▸ **What the task requires**:
Only a number is required: how many lines of the material contain the word "norm"?

▸ **Dataset records**:
(* Because J is the kernel of the completely contractive map phi, the maps M_n(X/J) -> M_n(Y)
   induced by phi are well defined, injective and contractive for the quotient norm.
   Ruan's axioms pass from M_n(X) to the quotient norm because every matrix operation lifts to
   representatives; for direct sums the lower bound comes from compressing a lift of x (+) y to
   its two diagonal blocks, which are lifts of x and y.  The quotient cones are closed and matrix
   convex because every cone operation preserves M_n(X)^+ and is Lipschitz for the quotient norm.
   Finally, every positive quotient matrix is mapped into the closed cone M_n(Y)^+, which consists
   of self-adjoint matrices and is proper; injectivity of the induced map transfers both
   properties back to M_n(X/J). *)

section \<open>Matrices over a complex vector space\<close>

lemma vsum_cong [cong]:
  "k = k' \<Longrightarrow> (\<And>i. i < k' =simp=> f i = g i) \<Longrightarrow> vsum V f k = vsum V g k'"
  unfolding simp_implies_def by (induction k arbitrary: k') auto

locale cvs =
  fixes V :: "('v, 'z) mos_scheme"
  assumes cvector_space: "cvector_space V"
begin

lemma zero_in [simp]: "vzero V \<in> vcar V"
  using cvector_space unfolding cvector_space_def by auto
lemma add_in [simp]: "a \<in> vcar V \<Longrightarrow> b \<in> vcar V \<Longrightarrow> vadd V a b \<in> vcar V"
  using cvector_space unfolding cvector_space_def by auto
lemma scale_in [simp]: "a \<in> vcar V \<Longrightarrow> vscale V c a \<in> vcar V"
  using cvector_space unfolding cvector_space_def by auto
lemma add_assoc:
  "a \<in> vcar V \<Longrightarrow> b \<in> vcar V \<Longrightarrow> c \<in> vcar V \<Longrightarrow> vadd V (vadd V a b) c = vadd V a (vadd V b c)"
  using cvector_space unfolding cvector_space_def by auto
lemma add_commute: "a \<in> vcar V \<Longrightarrow> b \<in> vcar V \<Longrightarrow> vadd V a b = vadd V b a"
  using cvector_space unfolding cvector_space_def by auto
lemma add_zero [simp]: "a \<in> vcar V \<Longrightarrow> vadd V a (vzero V) = a"
  using cvector_space unfolding cvector_space_def by auto
lemma add_neg: "a \<in> vcar V \<Longrightarrow> vadd V a (vscale V (-1) a) = vzero V"
  using cvector_space unfolding cvector_space_def by auto
lemma scale_one [simp]: "a \<in> vcar V \<Longrightarrow> vscale V 1 a = a"
  using cvector_space unfolding cvector_space_def by auto
lemma scale_scale [simp]: "a \<in> vcar V \<Longrightarrow> vscale V c (vscale V d a) = vscale V (c * d) a"
  using cvector_space unfolding cvector_space_def by auto
lemma scale_left_distrib:
  "a \<in> vcar V \<Longrightarrow> vscale V (c + d) a = vadd V (vscale V c a) (vscale V d a)"
  using cvector_space unfolding cvector_space_def by auto
lemma scale_right_distrib:
  "a \<in> vcar V \<Longrightarrow> b \<in> vcar V \<Longrightarrow> vscale V c (vadd V a b) = vadd V (vscale V c a) (vscale V c b)"
  using cvector_space unfolding cvector_space_def by auto

lemma zero_add [simp]: "a \<in> vcar V \<Longrightarrow> vadd V (vzero V) a = a"
  using add_commute add_zero zero_in by metis
lemma add_left_commute:
  "a \<in> vcar V \<Longrightarrow> b \<in> vcar V \<Longrightarrow> c \<in> vcar V \<Longrightarrow> vadd V a (vadd V b c) = vadd V b (vadd V a c)"
  by (metis add_assoc add_commute)
lemmas add_ac = add_assoc add_commute add_left_commute

lemma neg_add: "a \<in> vcar V \<Longrightarrow> vadd V (vscale V (-1) a) a = vzero V"
  using add_commute add_neg scale_in by metis
lemma add_neg_cancel_left: "a \<in> vcar V \<Longrightarrow> b \<in> vcar V \<Longrightarrow> vadd V a (vadd V (vscale V (-1) a) b) = b"
  by (metis add_assoc add_neg scale_in zero_add)
lemma neg_add_cancel_left: "a \<in> vcar V \<Longrightarrow> b \<in> vcar V \<Longrightarrow> vadd V (vscale V (-1) a) (vadd V a b) = b"
  by (metis add_assoc neg_add scale_in zero_add)
lemma add_left_cancel:
  "a \<in> vcar V \<Longrightarrow> b \<in> vcar V \<Longrightarrow> c \<in> vcar V \<Longrightarrow> vadd V a b = vadd V a c \<Longrightarrow> b = c"
  by (metis neg_add_cancel_left)
lemma scale_zero_left [simp]: "a \<in> vcar V \<Longrightarrow> vscale V 0 a = vzero V"
  using scale_left_distrib[of a 0 0] add_left_cancel by (metis add_zero add_0 scale_in zero_in)
lemma scale_zero_right [simp]: "vscale V c (vzero V) = vzero V"
  using scale_right_distrib[of "vzero V" "vzero V" c] add_left_cancel by (metis add_zero scale_in zero_in)

lemma vsum_in [simp]: "(\<And>i. i < k \<Longrightarrow> f i \<in> vcar V) \<Longrightarrow> vsum V f k \<in> vcar V"
  by (induction k) auto
lemma vsum_add:
  "(\<And>i. i < k \<Longrightarrow> f i \<in> vcar V) \<Longrightarrow> (\<And>i. i < k \<Longrightarrow> g i \<in> vcar V) \<Longrightarrow>
   vsum V (\<lambda>i. vadd V (f i) (g i)) k = vadd V (vsum V f k) (vsum V g k)"
  by (induction k) (simp_all add: add_ac)
lemma vsum_scale:
  "(\<And>i. i < k \<Longrightarrow> f i \<in> vcar V) \<Longrightarrow> vsum V (\<lambda>i. vscale V c (f i)) k = vscale V c (vsum V f k)"
  by (induction k) (auto simp: scale_right_distrib)
lemma vsum_zero: "(\<And>i. i < k \<Longrightarrow> f i = vzero V) \<Longrightarrow> vsum V f k = vzero V"
  by (induction k) auto
lemma vsum_delta:
  assumes "k0 < k" "f k0 \<in> vcar V" "\<And>i. i < k \<Longrightarrow> i \<noteq> k0 \<Longrightarrow> f i = vzero V"
  shows "vsum V f k = f k0"
  using assms
proof (induction k)
  case (Suc k)
  show ?case
  proof (cases "k0 = k")
    case True
    then show ?thesis using Suc.prems vsum_zero[of k f] by simp
  qed (use Suc in simp)
qed simp

abbreviation car where "car n \<equiv> mat_carrier V n"

lemma mat_in [simp]: "x \<in> car n \<Longrightarrow> i < n \<Longrightarrow> j < n \<Longrightarrow> x i j \<in> vcar V"
  unfolding mat_carrier_def by auto
lemma mat_outside: "x \<in> car n \<Longrightarrow> \<not> (i < n \<and> j < n) \<Longrightarrow> x i j = vzero V"
  unfolding mat_carrier_def by auto
lemma mat_carrierI:
  "(\<And>i j. i < n \<Longrightarrow> j < n \<Longrightarrow> x i j \<in> vcar V) \<Longrightarrow> (\<And>i j. \<not> (i < n \<and> j < n) \<Longrightarrow> x i j = vzero V)
   \<Longrightarrow> x \<in> car n"
  unfolding mat_carrier_def by auto

lemma mat_add_in [simp]: "x \<in> car n \<Longrightarrow> y \<in> car n \<Longrightarrow> mat_add V n x y \<in> car n"
  by (rule mat_carrierI) (auto simp: mat_add_def)
lemma mat_scale_in [simp]: "x \<in> car n \<Longrightarrow> mat_scale V n c x \<in> car n"
  by (rule mat_carrierI) (auto simp: mat_scale_def)
lemma mat_sub_in [simp]: "x \<in> car n \<Longrightarrow> y \<in> car n \<Longrightarrow> mat_sub V n x y \<in> car n"
  by (simp add: mat_sub_def)
lemma mat_zero_in [simp]: "mat_zero V \<in> car n"
  by (rule mat_carrierI) (auto simp: mat_zero_def)
lemma mat_dsum_in [simp]: "x \<in> car n \<Longrightarrow> y \<in> car m \<Longrightarrow> mat_dsum V n m x y \<in> car (n + m)"
  by (rule mat_carrierI) (auto simp: mat_dsum_def)
lemma mat_lr_in [simp]: "x \<in> car n \<Longrightarrow> mat_lr V n m \<alpha> x \<beta> \<in> car m"
  by (rule mat_carrierI) (auto simp: mat_lr_def)
lemma mat_conj_in [simp]: "x \<in> car n \<Longrightarrow> mat_conj V n m \<alpha> x \<in> car m"
  by (simp add: mat_conj_def)

lemma mat_sub_telescope:
  "x \<in> car n \<Longrightarrow> y \<in> car n \<Longrightarrow> z \<in> car n \<Longrightarrow>
   mat_sub V n x z = mat_add V n (mat_sub V n x y) (mat_sub V n y z)"
  by (intro ext) (auto simp: mat_sub_def mat_add_def mat_scale_def add_assoc neg_add_cancel_left)
lemma mat_sub_add_add:
  "x \<in> car n \<Longrightarrow> y \<in> car n \<Longrightarrow> p \<in> car n \<Longrightarrow> q \<in> car n \<Longrightarrow>
   mat_sub V n (mat_add V n x y) (mat_add V n p q) = mat_add V n (mat_sub V n x p) (mat_sub V n y q)"
  by (intro ext) (auto simp: mat_sub_def mat_add_def mat_scale_def scale_right_distrib add_ac)
lemma mat_sub_scale_scale:
  "x \<in> car n \<Longrightarrow> p \<in> car n \<Longrightarrow>
   mat_sub V n (mat_scale V n c x) (mat_scale V n c p) = mat_scale V n c (mat_sub V n x p)"
  by (intro ext) (auto simp: mat_sub_def mat_add_def mat_scale_def scale_right_distrib mult.commute)
lemma mat_sub_dsum_dsum:
  "x \<in> car n \<Longrightarrow> p \<in> car n \<Longrightarrow> y \<in> car m \<Longrightarrow> q \<in> car m \<Longrightarrow>
   mat_sub V (n + m) (mat_dsum V n m x y) (mat_dsum V n m p q) =
   mat_dsum V n m (mat_sub V n x p) (mat_sub V m y q)"
  by (intro ext) (auto simp: mat_sub_def mat_add_def mat_scale_def mat_dsum_def)
lemma mat_scale_inverse: "x \<in> car n \<Longrightarrow> c \<noteq> 0 \<Longrightarrow> mat_scale V n (1 / c) (mat_scale V n c x) = x"
  by (intro ext) (auto simp: mat_scale_def mat_outside)

lemma mat_lr_add:
  "x \<in> car n \<Longrightarrow> y \<in> car n \<Longrightarrow>
   mat_lr V n m \<alpha> (mat_add V n x y) \<beta> = mat_add V m (mat_lr V n m \<alpha> x \<beta>) (mat_lr V n m \<alpha> y \<beta>)"
  by (intro ext) (simp add: mat_lr_def mat_add_def scale_right_distrib vsum_add)
lemma mat_lr_scale:
  "x \<in> car n \<Longrightarrow> mat_lr V n m \<alpha> (mat_scale V n d x) \<beta> = mat_scale V m d (mat_lr V n m \<alpha> x \<beta>)"
  by (intro ext) (simp add: mat_lr_def mat_scale_def mult.commute flip: vsum_scale)
lemma mat_lr_sub:
  "x \<in> car n \<Longrightarrow> y \<in> car n \<Longrightarrow>
   mat_lr V n m \<alpha> (mat_sub V n x y) \<beta> = mat_sub V m (mat_lr V n m \<alpha> x \<beta>) (mat_lr V n m \<alpha> y \<beta>)"
  by (simp add: mat_sub_def mat_lr_add mat_lr_scale)
lemma mat_conj_sub:
  "x \<in> car n \<Longrightarrow> y \<in> car n \<Longrightarrow>
   mat_conj V n m \<alpha> (mat_sub V n x y) = mat_sub V m (mat_conj V n m \<alpha> x) (mat_conj V n m \<alpha> y)"
  by (simp add: mat_conj_def mat_lr_sub)

end

section \<open>Diagonal blocks\<close>

definition block_sel :: "nat \<Rightarrow> nat \<Rightarrow> nat \<Rightarrow> complex" where
  "block_sel s k i = (if i = k + s then 1 else 0)"

definition mat_block :: "('v, 'z) mos_scheme \<Rightarrow> nat \<Rightarrow> nat \<Rightarrow> nat \<Rightarrow> (nat \<Rightarrow> nat \<Rightarrow> 'v) \<Rightarrow> nat \<Rightarrow> nat \<Rightarrow> 'v" where
  "mat_block V N p s z = mat_lr V N p (block_sel s) z (\<lambda>j l. block_sel s l j)"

▸ **Reply**:
3